§ What is required
All that is needed is each line of the entries holding the word "intro", copied as it stands.

§ Recorded data
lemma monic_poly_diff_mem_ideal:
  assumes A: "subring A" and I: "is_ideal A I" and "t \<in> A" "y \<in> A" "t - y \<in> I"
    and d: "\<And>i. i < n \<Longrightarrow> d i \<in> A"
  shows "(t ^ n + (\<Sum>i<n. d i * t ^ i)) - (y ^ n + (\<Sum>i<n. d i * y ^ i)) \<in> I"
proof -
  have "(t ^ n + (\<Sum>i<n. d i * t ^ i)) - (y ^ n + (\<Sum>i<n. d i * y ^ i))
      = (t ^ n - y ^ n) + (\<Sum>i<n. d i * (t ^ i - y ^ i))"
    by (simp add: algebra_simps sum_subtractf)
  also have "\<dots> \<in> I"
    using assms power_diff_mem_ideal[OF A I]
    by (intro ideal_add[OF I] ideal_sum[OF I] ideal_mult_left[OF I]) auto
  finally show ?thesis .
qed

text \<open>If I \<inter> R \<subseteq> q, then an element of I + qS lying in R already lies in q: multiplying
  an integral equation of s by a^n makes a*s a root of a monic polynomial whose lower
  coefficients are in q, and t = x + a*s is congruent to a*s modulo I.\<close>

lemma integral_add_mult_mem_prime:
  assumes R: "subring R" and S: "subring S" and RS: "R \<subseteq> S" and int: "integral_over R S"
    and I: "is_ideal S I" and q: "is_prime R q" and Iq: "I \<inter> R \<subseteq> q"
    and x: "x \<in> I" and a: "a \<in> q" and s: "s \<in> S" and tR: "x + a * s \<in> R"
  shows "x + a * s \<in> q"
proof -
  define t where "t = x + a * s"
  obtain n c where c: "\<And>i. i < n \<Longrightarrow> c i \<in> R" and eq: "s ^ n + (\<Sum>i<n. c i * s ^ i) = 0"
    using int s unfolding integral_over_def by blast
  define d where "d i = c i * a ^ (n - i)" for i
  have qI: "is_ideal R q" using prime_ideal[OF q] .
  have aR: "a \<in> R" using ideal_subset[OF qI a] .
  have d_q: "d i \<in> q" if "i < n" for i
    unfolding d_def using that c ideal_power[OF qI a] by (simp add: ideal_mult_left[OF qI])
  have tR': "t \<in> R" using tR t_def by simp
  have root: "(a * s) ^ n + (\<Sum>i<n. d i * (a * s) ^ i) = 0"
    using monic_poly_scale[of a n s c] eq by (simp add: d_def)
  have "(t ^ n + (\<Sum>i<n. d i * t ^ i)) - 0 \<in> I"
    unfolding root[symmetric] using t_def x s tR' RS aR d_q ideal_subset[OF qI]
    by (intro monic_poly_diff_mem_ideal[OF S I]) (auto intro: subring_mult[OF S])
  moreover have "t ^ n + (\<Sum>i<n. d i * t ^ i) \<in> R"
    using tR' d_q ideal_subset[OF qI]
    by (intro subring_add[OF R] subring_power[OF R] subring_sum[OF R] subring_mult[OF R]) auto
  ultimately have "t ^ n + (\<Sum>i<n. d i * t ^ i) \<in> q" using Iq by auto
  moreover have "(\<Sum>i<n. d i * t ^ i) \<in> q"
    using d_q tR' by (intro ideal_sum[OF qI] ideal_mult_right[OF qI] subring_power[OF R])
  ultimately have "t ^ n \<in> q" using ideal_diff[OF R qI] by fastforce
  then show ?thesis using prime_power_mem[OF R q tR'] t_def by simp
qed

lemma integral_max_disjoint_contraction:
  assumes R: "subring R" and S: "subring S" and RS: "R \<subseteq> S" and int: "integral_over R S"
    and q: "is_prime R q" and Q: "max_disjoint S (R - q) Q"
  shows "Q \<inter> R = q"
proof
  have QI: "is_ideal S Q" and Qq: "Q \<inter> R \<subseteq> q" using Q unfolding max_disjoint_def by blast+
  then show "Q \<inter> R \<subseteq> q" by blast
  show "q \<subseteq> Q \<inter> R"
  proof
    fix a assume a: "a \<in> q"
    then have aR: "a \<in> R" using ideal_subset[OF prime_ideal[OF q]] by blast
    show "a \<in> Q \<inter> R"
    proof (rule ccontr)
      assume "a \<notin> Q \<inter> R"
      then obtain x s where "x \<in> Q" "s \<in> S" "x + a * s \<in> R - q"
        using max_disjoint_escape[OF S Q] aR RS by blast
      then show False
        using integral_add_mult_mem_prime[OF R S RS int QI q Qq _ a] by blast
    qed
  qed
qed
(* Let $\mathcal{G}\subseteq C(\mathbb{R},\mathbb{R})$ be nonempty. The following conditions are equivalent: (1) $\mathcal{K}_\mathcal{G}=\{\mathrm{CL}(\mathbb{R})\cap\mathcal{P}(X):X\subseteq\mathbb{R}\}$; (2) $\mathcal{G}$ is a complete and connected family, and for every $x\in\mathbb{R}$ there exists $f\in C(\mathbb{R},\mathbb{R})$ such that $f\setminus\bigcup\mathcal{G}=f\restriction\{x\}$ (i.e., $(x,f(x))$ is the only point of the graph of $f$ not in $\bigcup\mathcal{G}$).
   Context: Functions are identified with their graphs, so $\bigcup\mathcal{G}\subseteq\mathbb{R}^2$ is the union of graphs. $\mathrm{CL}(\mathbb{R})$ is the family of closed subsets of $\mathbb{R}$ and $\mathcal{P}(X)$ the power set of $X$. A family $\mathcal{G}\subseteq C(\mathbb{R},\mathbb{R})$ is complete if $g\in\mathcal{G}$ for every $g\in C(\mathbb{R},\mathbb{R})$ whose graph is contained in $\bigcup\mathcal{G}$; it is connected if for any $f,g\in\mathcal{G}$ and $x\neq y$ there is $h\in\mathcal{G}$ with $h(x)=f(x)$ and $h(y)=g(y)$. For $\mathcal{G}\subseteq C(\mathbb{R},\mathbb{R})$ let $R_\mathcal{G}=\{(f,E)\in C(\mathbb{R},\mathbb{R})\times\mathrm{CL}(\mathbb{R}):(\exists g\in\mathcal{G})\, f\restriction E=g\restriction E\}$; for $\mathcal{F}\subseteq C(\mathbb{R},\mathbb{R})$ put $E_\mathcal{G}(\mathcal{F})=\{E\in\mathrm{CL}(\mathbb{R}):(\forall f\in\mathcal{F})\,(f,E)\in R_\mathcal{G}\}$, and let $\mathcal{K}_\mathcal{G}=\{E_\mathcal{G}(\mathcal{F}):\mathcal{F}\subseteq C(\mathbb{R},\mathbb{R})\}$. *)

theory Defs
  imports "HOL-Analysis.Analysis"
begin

§ Solved exercise
    by (intro ideal_add[OF I] ideal_sum[OF I] ideal_mult_left[OF I]) auto
    by (intro monic_poly_diff_mem_ideal[OF S I]) (auto intro: subring_mult[OF S])
    by (intro subring_add[OF R] subring_power[OF R] subring_sum[OF R] subring_mult[OF R]) auto
    using d_q tR' by (intro ideal_sum[OF qI] ideal_mult_right[OF qI] subring_power[OF R])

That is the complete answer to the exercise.